A Series of Local Articles, on Past and Present.

No. 18.

The New Court House.—Reminiscences of the neighborhood.—The farms, orchards, &c.—Land speculations.—Parmentier's garden.—The Hessian Hospital.—Military and other public gardens of old times.—A political meeting of 40 years ago.—Local magnates formerly.

———

WE will devote this paper of our series to some incidents connected with the locality of our New County Court House and Supervisors' Building, opposite the City Hall, on the site occupied and known during the earlier sixty years of this century as the Military Gardens.1

We ought to premise that the region surrounding our City Hall, and this new building being put up for the Courts of the County, Supervisors, &c., is not only of deep interest to the inhabitants of Brooklyn, from its political connexions, but from hundreds of old local historical associations.

The line of Fulton street up to this point, and so on to the junction of Fulton and Flatbush avenues is the original road, pretty much the same now as it has been from the settlement of Brooklyn over two hundred years ago.

The neighborhood of our City Hall was, even in old times, a sort of central spot, where the people of Brooklyn, and the county, met to transact business, or, on the Sabbath, for religious worship.
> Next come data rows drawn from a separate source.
lemma choi_form_sums:
  assumes "\<And>X b d. (\<lambda>n. of_real (c n) * f n X $ b $ d) sums (\<phi> X $ b $ d)"
  shows "(\<lambda>n. of_real (c n) * choi_form (f n) Y) sums choi_form \<phi> Y"
proof -
  have "(\<lambda>n. \<Sum>p\<in>UNIV. \<Sum>q\<in>UNIV. vec_of_cmat Y p * cnj (vec_of_cmat Y q)
      * (of_real (c n) * choi_matrix (f n) p q)) sums choi_form \<phi> Y"
    unfolding choi_form_def kernel_form_def choi_matrix_def by (intro sums_sum sums_mult assms)
  then show ?thesis
    by (simp add: choi_form_def kernel_form_def sum_distrib_left ac_simps)
qed

lemma matrix_unit_expansion_sums:
  assumes "\<And>X b d. (\<lambda>n. of_real (c n) * f n X $ b $ d) sums (\<phi> X $ b $ d)"
    and "\<And>n. matrix_unit_expansion (f n)"
  shows "matrix_unit_expansion \<phi>"
  unfolding matrix_unit_expansion_def
proof (intro allI)
  fix X b d
  have "f n X $ b $ d = (\<Sum>a\<in>UNIV. \<Sum>c'\<in>UNIV. X $ a $ c' * f n (matrix_unit a c') $ b $ d)" for n
    using assms(2) unfolding matrix_unit_expansion_def by blast
  then have "(\<lambda>n. of_real (c n) * f n X $ b $ d)
      = (\<lambda>n. \<Sum>a\<in>UNIV. \<Sum>c'\<in>UNIV. X $ a $ c' * (of_real (c n) * f n (matrix_unit a c') $ b $ d))"
    by (simp add: sum_distrib_left ac_simps)
  also have "\<dots> sums (\<Sum>a\<in>UNIV. \<Sum>c'\<in>UNIV. X $ a $ c' * \<phi> (matrix_unit a c') $ b $ d)"
    by (intro sums_sum sums_mult assms(1))
  finally show "\<phi> X $ b $ d = (\<Sum>a\<in>UNIV. \<Sum>c'\<in>UNIV. X $ a $ c' * \<phi> (matrix_unit a c') $ b $ d)"
    by (rule sums_unique2[OF assms(1)])
qed

lemma choi_form_tau_series:
  fixes L :: "nat \<Rightarrow> ('m::finite) cmat list" and c :: "nat \<Rightarrow> real"
  assumes "summable (\<lambda>n. c n *\<^sub>R Blinfun (tau (L n)))"
    and \<sigma>: "\<sigma> = blinfun_apply (\<Sum>n. c n *\<^sub>R Blinfun (tau (L n)))"
  shows "(\<lambda>n. c n * (\<Sum>C\<leftarrow>L n. cmod (frob_inner Y C) ^ 2)) sums Re (choi_form \<sigma> Y)"
    and "Im (choi_form \<sigma> Y) = 0"
proof -
  have "(\<lambda>n. of_real (c n * (\<Sum>C\<leftarrow>L n. cmod (frob_inner Y C) ^ 2))) sums choi_form \<sigma> Y"
    using choi_form_sums[where f = "\<lambda>n. tau (L n)" and \<phi> = \<sigma>,
        OF sums_blinfun_apply_nth[OF bounded_linear_tau assms(1), folded \<sigma>]]
    by (simp add: choi_form_tau)
  note form = sums_Re[OF this] sums_Im[OF this]
  show "(\<lambda>n. c n * (\<Sum>C\<leftarrow>L n. cmod (frob_inner Y C) ^ 2)) sums Re (choi_form \<sigma> Y)"
    using form(1) by simp
  have "(\<lambda>n. 0) sums Im (choi_form \<sigma> Y)"
    using form(2) by simp
  then show "Im (choi_form \<sigma> Y) = 0"
    using sums_unique2 sums_zero by blast
qed

lemma kraus_decomp_tau_series:
  fixes L :: "nat \<Rightarrow> ('m::finite) cmat list" and c :: "nat \<Rightarrow> real"
  assumes pos: "\<And>n. c n > 0" and summable: "summable (\<lambda>n. c n *\<^sub>R Blinfun (tau (L n)))"
    and \<sigma>: "\<sigma> = blinfun_apply (\<Sum>n. c n *\<^sub>R Blinfun (tau (L n)))"
  obtains Cs where "kraus_decomp \<sigma> Cs" "cmat.span (set Cs) = cmat.span (\<Union>n. set (L n))"
proof -
  define r where "r Y n = c n * (\<Sum>C\<leftarrow>L n. cmod (frob_inner Y C) ^ 2)" for Y n
  note form = choi_form_tau_series[OF summable \<sigma>, folded r_def]
  have r_nonneg: "r Y n \<ge> 0" for Y n
    unfolding r_def using pos[of n] by (intro mult_nonneg_nonneg sum_list_nonneg) auto
  have "matrix_unit_expansion \<sigma>"
    using matrix_unit_expansion_sums[where f = "\<lambda>n. tau (L n)" and \<phi> = \<sigma>,
        OF sums_blinfun_apply_nth[OF bounded_linear_tau summable, folded \<sigma>] matrix_unit_expansion_tau] .
  moreover have "Im (choi_form \<sigma> Y) = 0 \<and> Re (choi_form \<sigma> Y) \<ge> 0" for Y
    using form(2) sums_le[OF r_nonneg sums_zero form(1)] by simp
  ultimately obtain Cs where Cs: "kraus_decomp \<sigma> Cs"
    by (rule kraus_decomp_if_choi_form_nonneg)
  have "choi_form \<sigma> Y = 0 \<longleftrightarrow> Re (choi_form \<sigma> Y) = 0" for Y
    using form(2)[of Y] by (simp add: complex_eq_iff)
  also have "Re (choi_form \<sigma> Y) = 0 \<longleftrightarrow> (\<forall>n. r Y n = 0)" for Y
    unfolding sums_unique[OF form(1)[of Y]] by (rule suminf_eq_zero_iff[OF sums_summable[OF form(1)] r_nonneg])
  also have "(\<forall>n. r Y n = 0) \<longleftrightarrow> (\<forall>C\<in>\<Union>n. set (L n). frob_inner Y C = 0)" for Y
  proof -
    have "r Y n = 0 \<longleftrightarrow> (\<forall>C\<in>set (L n). frob_inner Y C = 0)" for n
      using pos[of n] choi_form_tau_eq_0_iff[of "L n" Y] by (simp add: r_def choi_form_tau)
    then show ?thesis
      by blast
  qed
  finally have "cmat.span (set Cs) = cmat.span (\<Union>n. set (L n))"
    by (rule kraus_coeff_span_eq[OF Cs])
  with Cs show ?thesis
    by (rule that)
qed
The original old Brooklyn Church,2 under the Dutch Settlement, was in this section, on Fulton avenue, right in the middle of the road, near where Duffield st. now comes out. Here, for two or three ages, the settlers of Brooklyn and of Flatlands, Flatbush, and New Utrecht, as well as from the Old Ferry, and from the Wallabout, came on Sunday, to listen to sermons in Dutch. It is the same society, passed on by regular succession, that now worships in the Church in Joralemon st., adjoining Court.

There are plenty of people now living in Brooklyn who remember all this part of the city, as it was laid out in farms, orchards, gardens, &c. It used to help to supply the New York market with garden vegetables, just as Flatbush and the other outer towns do now.

Here too, and branching off from here, have been the localities of some of the biggest land speculations ever known in our city. Just above here, at the spot long known as Parmentier's Garden,3 during the great speculation times of 1833, some shrewd fellows gave $57,000 for a small tract of ground, and immediately cut it up into "lots," and sold it off for nearly $100,000. It is probable it would not bring much more than that sum at this day. Brooklyn, however, has been full of similar speculations.

Among other points of interest in the neighborhood we are speaking of was an ancient two-story house, painted yellow in modern times, that stood on the west side of Fulton street, nearly opposite the point now occupied by the Central Bank. This old house was of a date coeval with the Revolutionary war, and was principally noted as having been occupied, during many years of the war, by the British troops as a hospital. It went by the name of the "Hessian Hospital,"4 within the recollection of the writer. It was on the site now occupied by the handsome stores just below the Mechanics' Bank.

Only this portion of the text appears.